Using dask with iris

Below I'm attempting to calculate the annual mean timeseries for data sufficiently large that without using dask I get a memory error.

Prepare cube


In [1]:
import warnings
warnings.filterwarnings('ignore')

import glob
import iris
from iris.experimental.equalise_cubes import equalise_attributes
import iris.coord_categorisation

In [2]:
infiles = glob.glob('/g/data/ua6/DRSv3/CMIP5/CCSM4/historical/mon/ocean/r1i1p1/thetao/latest/thetao_Omon_CCSM4_historical_r1i1p1_??????-??????.nc')
infiles.sort()

In [3]:
cube_list = iris.load(infiles)

In [4]:
cube_list


Out[4]:
[<iris 'Cube' of sea_water_potential_temperature / (K) (time: 120; depth: 60; cell index along second dimension: 384; cell index along first dimension: 320)>,
<iris 'Cube' of sea_water_potential_temperature / (K) (time: 120; depth: 60; cell index along second dimension: 384; cell index along first dimension: 320)>,
<iris 'Cube' of sea_water_potential_temperature / (K) (time: 120; depth: 60; cell index along second dimension: 384; cell index along first dimension: 320)>,
<iris 'Cube' of sea_water_potential_temperature / (K) (time: 120; depth: 60; cell index along second dimension: 384; cell index along first dimension: 320)>,
<iris 'Cube' of sea_water_potential_temperature / (K) (time: 120; depth: 60; cell index along second dimension: 384; cell index along first dimension: 320)>,
<iris 'Cube' of sea_water_potential_temperature / (K) (time: 120; depth: 60; cell index along second dimension: 384; cell index along first dimension: 320)>,
<iris 'Cube' of sea_water_potential_temperature / (K) (time: 120; depth: 60; cell index along second dimension: 384; cell index along first dimension: 320)>,
<iris 'Cube' of sea_water_potential_temperature / (K) (time: 120; depth: 60; cell index along second dimension: 384; cell index along first dimension: 320)>,
<iris 'Cube' of sea_water_potential_temperature / (K) (time: 120; depth: 60; cell index along second dimension: 384; cell index along first dimension: 320)>,
<iris 'Cube' of sea_water_potential_temperature / (K) (time: 120; depth: 60; cell index along second dimension: 384; cell index along first dimension: 320)>,
<iris 'Cube' of sea_water_potential_temperature / (K) (time: 120; depth: 60; cell index along second dimension: 384; cell index along first dimension: 320)>,
<iris 'Cube' of sea_water_potential_temperature / (K) (time: 120; depth: 60; cell index along second dimension: 384; cell index along first dimension: 320)>,
<iris 'Cube' of sea_water_potential_temperature / (K) (time: 120; depth: 60; cell index along second dimension: 384; cell index along first dimension: 320)>,
<iris 'Cube' of sea_water_potential_temperature / (K) (time: 120; depth: 60; cell index along second dimension: 384; cell index along first dimension: 320)>,
<iris 'Cube' of sea_water_potential_temperature / (K) (time: 120; depth: 60; cell index along second dimension: 384; cell index along first dimension: 320)>,
<iris 'Cube' of sea_water_potential_temperature / (K) (time: 72; depth: 60; cell index along second dimension: 384; cell index along first dimension: 320)>]

In [5]:
equalise_attributes(cube_list)

In [6]:
cube = cube_list.concatenate_cube()

In [7]:
iris.coord_categorisation.add_year(cube, 'time')

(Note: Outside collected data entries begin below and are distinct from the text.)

(* Let $d\geq 10$ and let $g\in C^\infty([0,\infty))$ solve $$g''+\left(\frac{d-3}{y}-\frac{y}{2}\right)g'-\frac{d-2}{y^2}\,g(g-1)(g-2)=0\quad (y>0)$$ with $g(0)=g'(0)=0$ and $g''(0)=a>0$. Let $h(y)=y^3g'(y)$. Then $h'(y)>0$ for all $y>0$, and $\lim_{y\to\infty}h(y)=+\infty$. *)

theory Defs
  imports "HOL-Analysis.Analysis"
begin

text \<open>C-infinity on the closed half-line [0,oo): D is the sequence of derivatives,
  D 0 = g, and each D n is differentiable on [0,oo) (one-sided at 0) with derivative D (Suc n).\<close>
definition smooth_halfline :: "(real \<Rightarrow> real) \<Rightarrow> (nat \<Rightarrow> real \<Rightarrow> real) \<Rightarrow> bool" where
  "smooth_halfline g D \<longleftrightarrow> D 0 = g \<and>
     (\<forall>n y. y \<ge> 0 \<longrightarrow> (D n has_real_derivative D (Suc n) y) (at y within {0..}))"

end

theory Submission
  imports Defs
begin

(* Let c = d and write G(g) = g(g-1)(g-2) and h(y) = y^3 g'(y).  Eliminating g'' with the
   equation gives the "flux"
       h'(y) = K(y) = g'(y) (y^4/2 - (c-6) y^2) + (c-2) y G(g(y)),
   and a second differentiation, again using the equation, yields with m = c - 7
       (y^m e^(-y^2/4) K)' = y^m e^(-y^2/4) * y g' * ((c-10) + 3(c-2)(g-1)^2).
   For c >= 10 the last factor is nonnegative, so the weighted flux W = y^m e^(-y^2/4) K is
   nondecreasing wherever g' >= 0.  Near 0 we have K(y) ~ 4a y^3 > 0.  If K had a first zero z,
   then h(0) = 0 and h' = K > 0 on (0,z) give g' > 0 on (0,z], hence W(u) <= W(z) <= 0 for small
   u > 0, contradicting W(u) > 0.  So h' = K > 0 everywhere, W is nondecreasing on [1,oo), and
   since the weight y^m e^(-y^2/4) is bounded there, K is bounded below by a positive constant
   on [1,oo); thus h grows at least linearly.
   The file first collects three general real-analysis facts (a first-zero argument, a linear
   growth criterion, a bound on the Gaussian weight), then develops the computation above in a
   locale for solutions of the equation on (0,oo), and finally instantiates it. *)


lemma smooth_halfline_deriv_at:
  assumes "smooth_halfline g D" and "y > 0"
  shows "(D n has_real_derivative D (Suc n) y) (at y)"
proof -
  have "(D n has_real_derivative D (Suc n) y) (at y within {0..})"
    using assms by (simp add: smooth_halfline_def)
  moreover have "at y within {0..} = at y"
    using assms(2) by (intro at_within_interior) auto
  ultimately show ?thesis by simp
qed

lemma smooth_halfline_tendsto_at_right:
  assumes "smooth_halfline g D"
  shows "(D n \<longlongrightarrow> D n 0) (at_right 0)"
proof -
  have "(D n has_real_derivative D (Suc n) 0) (at 0 within {0..})"
    using assms by (simp add: smooth_halfline_def)
  then have "(D n \<longlongrightarrow> D n 0) (at 0 within {0..})"
    by (rule DERIV_continuous[unfolded continuous_within])
  then show ?thesis by (rule tendsto_within_subset) auto
qed

lemma linear_growth_at_top:
  fixes f f' :: "real \<Rightarrow> real" and b \<epsilon> :: real
  assumes eps: "\<epsilon> > 0"
    and deriv: "\<And>y. y \<ge> b \<Longrightarrow> (f has_real_derivative f' y) (at y)"
    and slope: "\<And>y. y \<ge> b \<Longrightarrow> f' y \<ge> \<epsilon>"
  shows "filterlim f at_top at_top"
proof -
  have above_line: "\<epsilon> * y + (f b - \<epsilon> * b) \<le> f y" if "y \<ge> b" for y
  proof -
    have "f b - \<epsilon> * b \<le> f y - \<epsilon> * y"
    proof (rule DERIV_nonneg_imp_nondecreasing[OF that])
      fix t assume "b \<le> t"
      then show "\<exists>s. ((\<lambda>t. f t - \<epsilon> * t) has_real_derivative s) (at t) \<and> s \<ge> 0"
        using deriv[of t] slope[of t]
        by (intro exI[of _ "f' t - \<epsilon>"] conjI derivative_eq_intros) auto
    qed
    then show ?thesis by simp
  qed
  have "filterlim (\<lambda>y. \<epsilon> * y + (f b - \<epsilon> * b)) at_top at_top"
    using filterlim_tendsto_add_at_top[OF tendsto_const[of "f b - \<epsilon> * b"]
            filterlim_tendsto_pos_mult_at_top[OF tendsto_const eps filterlim_ident]]
    by (simp add: add.commute)
  then show ?thesis
    by (rule filterlim_at_top_mono) (use above_line in \<open>auto simp: eventually_at_top_linorder\<close>)
qed

(* First-zero argument: K is positive near 0, and the weighted quantity w K cannot decrease
   on any interval (u,v) on which K is still positive at every point before v.  Then K can
   never vanish, since at its first zero z we would get 0 < w u K u <= w z K z <= 0. *)
lemma positive_by_weighted_monotonicity:
  fixes K w :: "real \<Rightarrow> real" and \<delta> :: real
  assumes cont: "continuous_on {0<..} K"
    and near_zero: "\<delta> > 0" "\<And>y. 0 < y \<Longrightarrow> y < \<delta> \<Longrightarrow> K y > 0"
    and weight_pos: "\<And>y. y > 0 \<Longrightarrow> w y > 0"
    and mono: "\<And>u v. 0 < u \<Longrightarrow> u < v \<Longrightarrow> (\<And>t. 0 < t \<Longrightarrow> t < v \<Longrightarrow> K t > 0)
                 \<Longrightarrow> w u * K u \<le> w v * K v"
    and y: "y > 0"
  shows "K y > 0"
proof (rule ccontr)
  assume "\<not> K y > 0"
  define u where "u = \<delta> / 2"
  have u: "0 < u" "u < \<delta>" "K u > 0" using near_zero unfolding u_def by auto
  have "y \<ge> \<delta>" using near_zero(2) y \<open>\<not> K y > 0\<close> by force
  define S where "S = {t \<in> {u..y}. K t \<le> 0}"
  have "closed S" unfolding S_def
    by (intro continuous_on_closed_Collect_le continuous_on_subset[OF cont] continuous_on_const)
       (use u in auto)
  moreover have "y \<in> S" using \<open>y \<ge> \<delta>\<close> u \<open>\<not> K y > 0\<close> unfolding S_def by auto
  moreover have "bdd_below S" unfolding S_def by (rule bdd_belowI[of _ u]) auto
  ultimately have "Inf S \<in> S" using closed_contains_Inf by blast
  define z where "z = Inf S"
  have z: "u \<le> z" "K z \<le> 0" using \<open>Inf S \<in> S\<close> unfolding z_def S_def by auto
  have before_z: "K t > 0" if "0 < t" "t < z" for t
  proof (cases "t < u")
    case True then show ?thesis using near_zero that u by auto
  next
    case False
    have "t \<notin> S" using cInf_lower[OF _ \<open>bdd_below S\<close>, of t] that unfolding z_def by auto
    then show ?thesis using False that z \<open>Inf S \<in> S\<close> unfolding S_def z_def by auto
  qed
  have "u < z" using z u by (cases "u = z") auto
  have "0 < w u * K u" using weight_pos u by simp
  also have "\<dots> \<le> w z * K z" using mono[OF u(1) \<open>u < z\<close> before_z] .
  also have "\<dots> \<le> 0" using weight_pos[of z] z u by (simp add: mult_nonneg_nonpos)
  finally show False by simp
qed

(* The weight y^m e^(-y^2/4) is bounded on [1,oo), via x <= e^x for x = y^2/(4m). *)
lemma gaussian_weight_bound:
  fixes m :: nat and y :: real
  assumes "m > 0" and "y \<ge> 1"
  shows "y ^ m * exp (-(y^2/4)) \<le> (4 * real m) ^ m"
proof -
  define x where "x = y^2 / (4 * m)"
  have "y / (4 * m) \<le> x"
    unfolding x_def using assms by (intro divide_right_mono) (auto simp: power2_eq_square)
  also have "x \<le> exp x" using exp_ge_add_one_self[of x] by linarith
  finally have "(y / (4 * m)) ^ m \<le> exp x ^ m" using assms by (intro power_mono) auto
  also have "exp x ^ m = exp (y^2/4)"
    unfolding x_def exp_of_nat_mult[symmetric] using assms by simp
  finally have "y ^ m \<le> (4 * m) ^ m * exp (y^2/4)"
    using assms by (simp add: power_divide field_simps)
  then show ?thesis by (simp add: exp_minus field_simps)
qed

locale profile_equation =
  fixes d :: nat and g p q :: "real \<Rightarrow> real"
  assumes dimension: "d \<ge> 10"
    and g_deriv: "\<And>y. y > 0 \<Longrightarrow> (g has_real_derivative p y) (at y)"
    and p_deriv: "\<And>y. y > 0 \<Longrightarrow> (p has_real_derivative q y) (at y)"
    and p_cont: "continuous_on {0..} p"
    and equation: "\<forall>y>0. q y + ((real d - 3) / y - y / 2) * p y
                      - (real d - 2) / y^2 * (g y * (g y - 1) * (g y - 2)) = 0"
begin

(* The flux K = h' for h(y) = y^3 g'(y), written without g''. *)
definition flux :: "real \<Rightarrow> real" where
  "flux y = p y * (y^4/2 - (real d - 6) * y^2) + (real d - 2) * y * (g y * (g y - 1) * (g y - 2))"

Using dask for the memory intensive calculation


In [8]:
from dask.distributed import LocalCluster
from dask.distributed import Client

In [9]:
cluster = LocalCluster(n_workers=4)
cluster



In [10]:
client = Client(cluster)
client


Out[10]:

Client

Cluster

  • Workers: 4
  • Cores: 8
  • Memory: 33.67 GB

In [ ]:
test = cube.aggregated_by(['year'], iris.analysis.MEAN)

The kernel always dies trying to execute test = ... above, which I'm assuming is due to insufficient RAM to do the calculation.


In [ ]: